Special Seminar

The Path to Characterizing Earth-like Exoplanets with High Contrast Spectroscopy

Characterizing the atmospheres of Earth-like exoplanets requires spectroscopy of R ~ 100-1000 at extreme contrasts (~1e-7–1e-10), small angular separations  (~1–5 λ/D), and over long integration times from space with missions such as the Habitable Worlds Observatory (HWO).  In this regime, spectroscopic performance is limited by photon efficiency, stability, and the need to control and calibrate residual starlight with extreme precision.

In this talk, I describe the technological path to obtaining spectra of exo-Earths from my work on laboratory-based advances and current 8-10m class ground-based telescopes.  I describe my leading, recent role in the development and commissioning of HiRISE on VLT, an instrument designed to characterize young giant exoplanets at high spectral resolution by coupling a high-contrast imager with a high-resolution spectrograph through a single-mode fiber (SMF).

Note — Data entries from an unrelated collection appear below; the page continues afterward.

(* Suppose the budget and utility parameters of users are drawn i.i.d. from a distribution $\mathcal{D}$ such that (i) for each good $j$, $\mathbb{P}_{\mathcal{D}}(u_j>0)>0$, and (ii) $\mathbf{u}\in[\underline{\mathbf{u}},\bar{\mathbf{u}}]$ and $w\in[\underline w,\bar w]$ with $\underline u,\underline w>0$. Then the price vectors $\mathbf{p}^t$ of the revealed preference algorithm described below remain strictly positive and bounded for all users $t\in[n]$ when $\gamma=\gamma_t=\bar D/\sqrt n$ for all $t\in[n]$, for some constant $\bar D>0$; that is, there are constants $0<\underline p\le\bar p$ with $\underline p\le p_j^t\le\bar p$ for all goods $j$ and all $t$.
   Context: Online Fisher market: $m$ divisible goods, good $j$ with capacity $c_j=nd_j$, $\mathbf{d}>\mathbf{0}$; $n$ users with $(w_t,\mathbf{u}_t)$ i.i.d. from $\mathcal{D}$. Given $\mathbf{p}^t$, user $t$ consumes an optimal solution $\mathbf{x}_t$ of $\max\mathbf{u}_t^\top\mathbf{x}$ s.t. $(\mathbf{p}^t)^\top\mathbf{x}\le w_t$, $\mathbf{x}\ge\mathbf{0}$. Revealed preference algorithm: initialize $\mathbf{p}^1>\mathbf{0}$; for $t=1,\dots,n$, user $t$ consumes $\mathbf{x}_t$ at price $\mathbf{p}^t$ and $\mathbf{p}^{t+1}=\mathbf{p}^t-\gamma_t(\mathbf{d}-\mathbf{x}_t)$ (no projection). The constants $\underline p,\bar p$ do not depend on $n$ or $t$. *)

theory Defs
  imports "HOL-Probability.Probability"
begin

text \<open>Goods are indexed by j < m; vectors in R^m are functions nat => real
  (only the components j < m are meaningful).\<close>

definition budget_feasible :: "nat \<Rightarrow> (nat \<Rightarrow> real) \<Rightarrow> real \<Rightarrow> (nat \<Rightarrow> real) \<Rightarrow> bool" where
  "budget_feasible m p w y \<longleftrightarrow> (\<forall>j<m. 0 \<le> y j) \<and> (\<Sum>j<m. p j * y j) \<le> w"

definition optimal_consumption ::
  "nat \<Rightarrow> (nat \<Rightarrow> real) \<Rightarrow> real \<Rightarrow> (nat \<Rightarrow> real) \<Rightarrow> (nat \<Rightarrow> real) \<Rightarrow> bool" where
  "optimal_consumption m p w u x \<longleftrightarrow>
     budget_feasible m p w x \<and>
     (\<forall>y. budget_feasible m p w y \<longrightarrow> (\<Sum>j<m. u j * y j) \<le> (\<Sum>j<m. u j * x j))"

text \<open>Users are indexed from 1 as in the paper.\<close>
definition rp_prefix ::
  "nat \<Rightarrow> (nat \<Rightarrow> real) \<Rightarrow> real \<Rightarrow> (nat \<Rightarrow> real) \<Rightarrow> (nat \<Rightarrow> real) \<Rightarrow> (nat \<Rightarrow> nat \<Rightarrow> real)
     \<Rightarrow> (nat \<Rightarrow> nat \<Rightarrow> real) \<Rightarrow> (nat \<Rightarrow> nat \<Rightarrow> real) \<Rightarrow> nat \<Rightarrow> bool" where
  "rp_prefix m d \<gamma> p1 W U x p k \<longleftrightarrow>
     (\<forall>j<m. p 1 j = p1 j) \<and>
     (\<forall>t\<in>{1..<k}. optimal_consumption m (p t) (W t) (U t) (x t) \<and>
                   (\<forall>j<m. p (Suc t) j = p t j - \<gamma> * (d j - x t j)))"

end

theory Submission
  imports Defs
begin

text \<open>
  The prices are kept in a box by the invariant
  \<open>p\<^sub>j > 0\<close>, \<open>\<Sum>\<^sub>j 1 / p\<^sub>j \<le> B\<close>, \<open>p\<^sub>j \<le> p\<^sub>h\<close>,
  whose potential part bounds every price from below by \<open>1 / B\<close>.
  Let \<open>R\<close> bound the ratio of any two utilities of a user. For a step
  \<open>\<gamma> \<le> 1 / (8 B R\<^sup>2 \<Sum>\<^sub>j d\<^sub>j)\<close>, no price falls by more than half, and a
  price can only rise substantially when its good is over-bought, which a user
  with budget at most \<open>w\<^sub>h\<close> can do only if \<open>p\<^sub>j < w\<^sub>h / d\<^sub>j\<close>; this keeps
  \<open>p\<^sub>j \<le> p\<^sub>h\<close>. For the potential: an optimal user spends the whole budget,
  at least \<open>w / m\<close> of it on some good \<open>i\<close> of maximal utility per price, so
  \<open>p\<^sub>i \<le> R p\<^sub>j\<close> for all \<open>j\<close>. If \<open>p\<^sub>i\<close> is large, all new prices are at
  least \<open>p\<^sub>i / (2R)\<close> and the potential is at most \<open>B\<close>. If \<open>p\<^sub>i\<close> is small,
  good \<open>i\<close> is bought far beyond its supply \<open>d\<^sub>i\<close>, and the drop of
  \<open>1 / p\<^sub>i\<close> outweighs the rise of the other \<open>1 / p\<^sub>j\<close>, which is only of
  order \<open>\<gamma> R\<^sup>2 \<Sum>\<^sub>j d\<^sub>j / p\<^sub>i\<^sup>2\<close>.
\<close>

section \<open>Optimal consumption\<close>

lemma sum_mult_add_indicator:
  fixes a x :: "nat \<Rightarrow> 'a::semiring_0"
  assumes "j < m"
  shows "(\<Sum>k<m. a k * (x k + (if k = j then c else 0))) = (\<Sum>k<m. a k * x k) + a j * c"
proof -
  have "(\<Sum>k<m. a k * (x k + (if k = j then c else 0)))
      = (\<Sum>k<m. a k * x k + (if k = j then a k * c else 0))"
    by (rule sum.cong) (auto simp: distrib_left)
  also have "\<dots> = (\<Sum>k<m. a k * x k) + a j * c"
    using assms by (simp add: sum.distrib)
  finally show ?thesis .
qed

lemma optimal_consumption_spends_budget:
  assumes opt: "optimal_consumption m p w u x"
    and j: "j < m" "0 < p j" "0 < u j"
  shows "(\<Sum>k<m. p k * x k) = w"
proof (rule ccontr)
  assume "(\<Sum>k<m. p k * x k) \<noteq> w"
  moreover have x: "\<forall>k<m. 0 \<le> x k" "(\<Sum>k<m. p k * x k) \<le> w"
    using opt by (auto simp: optimal_consumption_def budget_feasible_def)
  ultimately have c: "0 < (w - (\<Sum>k<m. p k * x k)) / p j" (is "0 < ?c")
    using j by simp
  define y where "y = (\<lambda>k. x k + (if k = j then ?c else 0))"
  have "(\<Sum>k<m. p k * y k) = w"
    unfolding y_def using j by (simp add: sum_mult_add_indicator)
  then have "budget_feasible m p w y"
    using x c by (auto simp: budget_feasible_def y_def)
  then have "(\<Sum>k<m. u k * y k) \<le> (\<Sum>k<m. u k * x k)"
    using opt by (auto simp: optimal_consumption_def)
  moreover have "0 < u j * ?c"
    using j c mult_pos_pos by blast
  ultimately show False
    unfolding y_def using j by (simp add: sum_mult_add_indicator)
qed

lemma optimal_consumption_bang_per_buck:
  assumes opt: "optimal_consumption m p w u x"
    and i: "i < m" "0 \<le> p i" "0 < x i"
    and j: "j < m" "0 < p j"
  shows "u j * p i \<le> u i * p j"
proof (rule ccontr)
  assume less: "\<not> u j * p i \<le> u i * p j"
  then have "i \<noteq> j" by (auto simp: mult.commute)
  have x: "\<forall>k<m. 0 \<le> x k" "(\<Sum>k<m. p k * x k) \<le> w"
    using opt by (auto simp: optimal_consumption_def budget_feasible_def)
  \<comment> \<open>Exchange argument: move the money spent on good i to good j.\<close>
  define x' where "x' = (\<lambda>k. x k + (if k = i then - x i else 0))"
  define y where "y = (\<lambda>k. x' k + (if k = j then x i * p i / p j else 0))"
  have "(\<Sum>k<m. p k * y k) = (\<Sum>k<m. p k * x k)"
    unfolding y_def x'_def using i j by (simp add: sum_mult_add_indicator)
  moreover have "\<forall>k<m. 0 \<le> y k"
    using x i j \<open>i \<noteq> j\<close> by (auto simp: y_def x'_def)
  ultimately have "budget_feasible m p w y"
    using x by (simp add: budget_feasible_def)
  then have "(\<Sum>k<m. u k * y k) \<le> (\<Sum>k<m. u k * x k)"
    using opt by (auto simp: optimal_consumption_def)
  then have "u j * (x i * p i / p j) \<le> u i * x i"
    unfolding y_def x'_def using i j by (simp add: sum_mult_add_indicator)
  then have "x i * (u j * p i) \<le> x i * (u i * p j)"
    using j by (simp add: field_simps)
  then show False
    using less i by simp
qed

lemma optimal_consumption_price_ratio:
  assumes opt: "optimal_consumption m p w u x"
    and p: "\<forall>j<m. 0 < p j" and u: "\<forall>j<m. 0 < u j" "\<forall>i<m. \<forall>j<m. u i \<le> R * u j"
    and i: "i < m" "0 < x i" and j: "j < m"
  shows "p i \<le> R * p j"
proof -
  have "u j * p i \<le> u i * p j"
    using optimal_consumption_bang_per_buck[OF opt] i j p by (simp add: less_imp_le)
  also have "\<dots> \<le> R * u j * p j"
    using u i j p by (simp add: mult_right_mono less_imp_le)
  finally show ?thesis
    using u j by (simp add: mult.left_commute)
qed

lemma ex_ge_average:
  fixes f :: "nat \<Rightarrow> 'a::linordered_field"
  assumes "0 < m"
  shows "\<exists>i<m. (\<Sum>j<m. f j) / of_nat m \<le> f i"
proof (rule ccontr)
  assume "\<not> (\<exists>i<m. (\<Sum>j<m. f j) / of_nat m \<le> f i)"
  then have "(\<Sum>j<m. f j) < of_nat m * ((\<Sum>j<m. f j) / of_nat m)"
    using assms sum_bounded_above_strict[of "{..<m}" f "(\<Sum>j<m. f j) / of_nat m"] by (simp add: not_le)
  then show False
    using assms by simp
qed

section \<open>Effect of one price update\<close>

lemma price_update_le_max:
  fixes q d x \<gamma> wh B :: real
  assumes "0 < d" "0 \<le> \<gamma>" "0 \<le> x" "0 < q" "q * x \<le> wh" "1 / q \<le> B"
  shows "q - \<gamma> * (d - x) \<le> max q (wh / d + \<gamma> * wh * B)"
proof (cases "x \<le> d")
  case True
  then have "0 \<le> \<gamma> * (d - x)"
    using assms by simp
  then show ?thesis
    by (simp add: le_max_iff_disj)
next
  case False
  have "q * d < q * x"
    using False \<open>0 < q\<close> by simp
  then have "q * d < wh"
    using assms by linarith
  then have "q < wh / d"
    using assms by (simp add: pos_less_divide_eq)
  have "0 \<le> q * x"
    using assms by simp
  then have "0 \<le> wh"
    using assms by linarith
  have "x \<le> wh * (1 / q)"
    using assms by (simp add: pos_le_divide_eq mult.commute)
  also have "\<dots> \<le> wh * B"
    using \<open>1 / q \<le> B\<close> \<open>0 \<le> wh\<close> by (rule mult_left_mono)
  finally have "\<gamma> * x \<le> \<gamma> * (wh * B)"
    using \<open>0 \<le> \<gamma>\<close> by (rule mult_left_mono)
  moreover have "0 \<le> \<gamma> * d"
    using assms by simp
  ultimately show ?thesis
    using \<open>q < wh / d\<close> by (simp add: le_max_iff_disj algebra_simps)
qed

lemma inverse_price_update_le:
  fixes q q' d x \<gamma> P R :: real
  assumes "0 < q" "q / 2 \<le> q'" "q' = q - \<gamma> * (d - x)"
    and "0 \<le> \<gamma>" "0 \<le> x" "0 \<le> d"
    and P: "0 < P" "P \<le> R * q"
  shows "1 / q' - 1 / q \<le> 2 * \<gamma> * R^2 * d / P^2"
proof -
  have "0 < q'" "0 \<le> \<gamma> * d"
    using assms by auto
  have "1 / q' - 1 / q = \<gamma> * (d - x) / (q * q')"
    using assms \<open>0 < q'\<close> by (simp add: field_simps)
  also have "\<dots> \<le> \<gamma> * d / (q * q')"
    using assms \<open>0 < q'\<close> by (intro divide_right_mono) (auto simp: algebra_simps)
  also have "\<dots> \<le> \<gamma> * d / (q * (q / 2))"
    using assms \<open>0 \<le> \<gamma> * d\<close> by (intro divide_left_mono mult_left_mono) auto
  also have "\<dots> = 2 * \<gamma> * d / q^2"
    by (simp add: power2_eq_square)
  also have "\<dots> \<le> 2 * \<gamma> * d / (P / R)^2"
  proof (intro divide_left_mono)
    have "0 < R * q"
      using P by linarith
    then have "0 < R"
      using \<open>0 < q\<close> by (simp add: zero_less_mult_iff)
    then have "0 < P / R" "P / R \<le> q"
      using P by (auto simp: field_simps)
    then show "(P / R)^2 \<le> q^2"
      by (simp add: power_mono)
    show "0 < q^2 * (P / R)^2"
      using \<open>0 < P / R\<close> \<open>0 < q\<close> by (intro mult_pos_pos zero_less_power)
  qed (use \<open>0 \<le> \<gamma> * d\<close> in simp)
  also have "\<dots> = 2 * \<gamma> * R^2 * d / P^2"
    by (simp add: power_divide)
  finally show ?thesis .
qed

lemma inverse_add_le:
  fixes P K \<Delta> :: real
  assumes "0 < P" "0 \<le> K" "2 * K \<le> P" "2 * K \<le> \<Delta>"
  shows "1 / (P + \<Delta>) \<le> 1 / P - K / P^2"
proof -
  have "2 * K * P \<le> \<Delta> * P"
    using assms by (intro mult_right_mono) auto
  moreover have "2 * K * \<Delta> \<le> P * \<Delta>"
    using assms by (intro mult_right_mono) auto
  ultimately have "K * (P + \<Delta>) \<le> \<Delta> * P"
    by (simp add: algebra_simps)
  then show ?thesis
    using assms by (simp add: field_simps power2_eq_square)
qed

lemma sum_inverse_le_if_ge:
  fixes q :: "nat \<Rightarrow> real"
  assumes "0 < c" "\<forall>j<m. c \<le> q j"
  shows "(\<Sum>j<m. 1 / q j) \<le> real m / c"
proof -
  have "1 / q j \<le> 1 / c" if "j < m" for j
    using assms that by (intro divide_left_mono) auto
  then have "(\<Sum>j<m. 1 / q j) \<le> real (card {..<m}) * (1 / c)"
    by (intro sum_bounded_above) auto
  then show ?thesis
    by simp
qed

lemma sum_inverse_le_if_price_large:
  fixes q q' :: "nat \<Rightarrow> real"
  assumes "0 < m" "0 < B" "0 < R"
    and ratio: "\<forall>j<m. q i \<le> R * q j" and half: "\<forall>j<m. q j / 2 \<le> q' j"
    and large: "2 * real m * R / B \<le> q i"
  shows "(\<Sum>j<m. 1 / q' j) \<le> B"
proof -
  have "real m / B \<le> q' j" if "j < m" for j
  proof -
    have "2 * real m * R / B \<le> R * q j"
      using large ratio that by force
    then have "real m / B \<le> q j / 2"
      using assms by (simp add: field_simps)
    then show ?thesis
      using half that order_trans by blast
  qed
  then have "(\<Sum>j<m. 1 / q' j) \<le> real m / (real m / B)"
    using assms by (intro sum_inverse_le_if_ge) auto
  then show ?thesis
    using assms by simp
qed

lemma sum_inverse_price_update_others_le:
  fixes q q' x d :: "nat \<Rightarrow> real"
  assumes i: "i < m"
    and q: "\<forall>j<m. 0 < q j" "\<forall>j<m. q j / 2 \<le> q' j"
    and update: "\<forall>j<m. q' j = q j - \<gamma> * (d j - x j)"
    and nonneg: "0 \<le> \<gamma>" "\<forall>j<m. 0 \<le> x j" "\<forall>j<m. 0 \<le> d j"
    and ratio: "\<forall>j<m. q i \<le> R * q j"
  shows "(\<Sum>j\<in>{..<m} - {i}. 1 / q' j - 1 / q j) \<le> 2 * \<gamma> * R^2 * (\<Sum>j<m. d j) / (q i)^2"
proof -
  have "1 / q' j - 1 / q j \<le> 2 * \<gamma> * R^2 * d j / (q i)^2" if "j < m" for j
    by (rule inverse_price_update_le[where x = "x j"]) (use assms that in auto)
  then have "(\<Sum>j\<in>{..<m} - {i}. 1 / q' j - 1 / q j)
      \<le> (\<Sum>j\<in>{..<m} - {i}. 2 * \<gamma> * R^2 * d j / (q i)^2)"
    by (intro sum_mono) auto
  also have "\<dots> \<le> (\<Sum>j<m. 2 * \<gamma> * R^2 * d j / (q i)^2)"
    using nonneg by (intro sum_mono2) auto
  also have "\<dots> = 2 * \<gamma> * R^2 * (\<Sum>j<m. d j) / (q i)^2"
    by (simp add: sum_divide_distrib sum_distrib_left)
  finally show ?thesis .
qed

I am spearheading the next breakthrough in high-contrast spectroscopic technology development with astrophotonics.   I describe upcoming, on-sky tests of two key astrophotonics advances at the Subaru Telescope – the photonic lantern (PL) and the thermal phase shifting photonic integrated circuit (PIC) – and the parallel maturing of these technologies in the laboratory whose development I led at UTSA.

Finally, I discuss potential applications of astrophotonics for characterizing gas giant to rocky planet atmospheres with the UT Austin funded-Giant Magellan Telescope and Earth twins with HWO.  Throughout, I describe the major scientific advances enabled by spectroscopy with SMFs and astrophotonics as well as the role that complementary McDonald Observatory instrumentation can play in maximizing the science return of these efforts.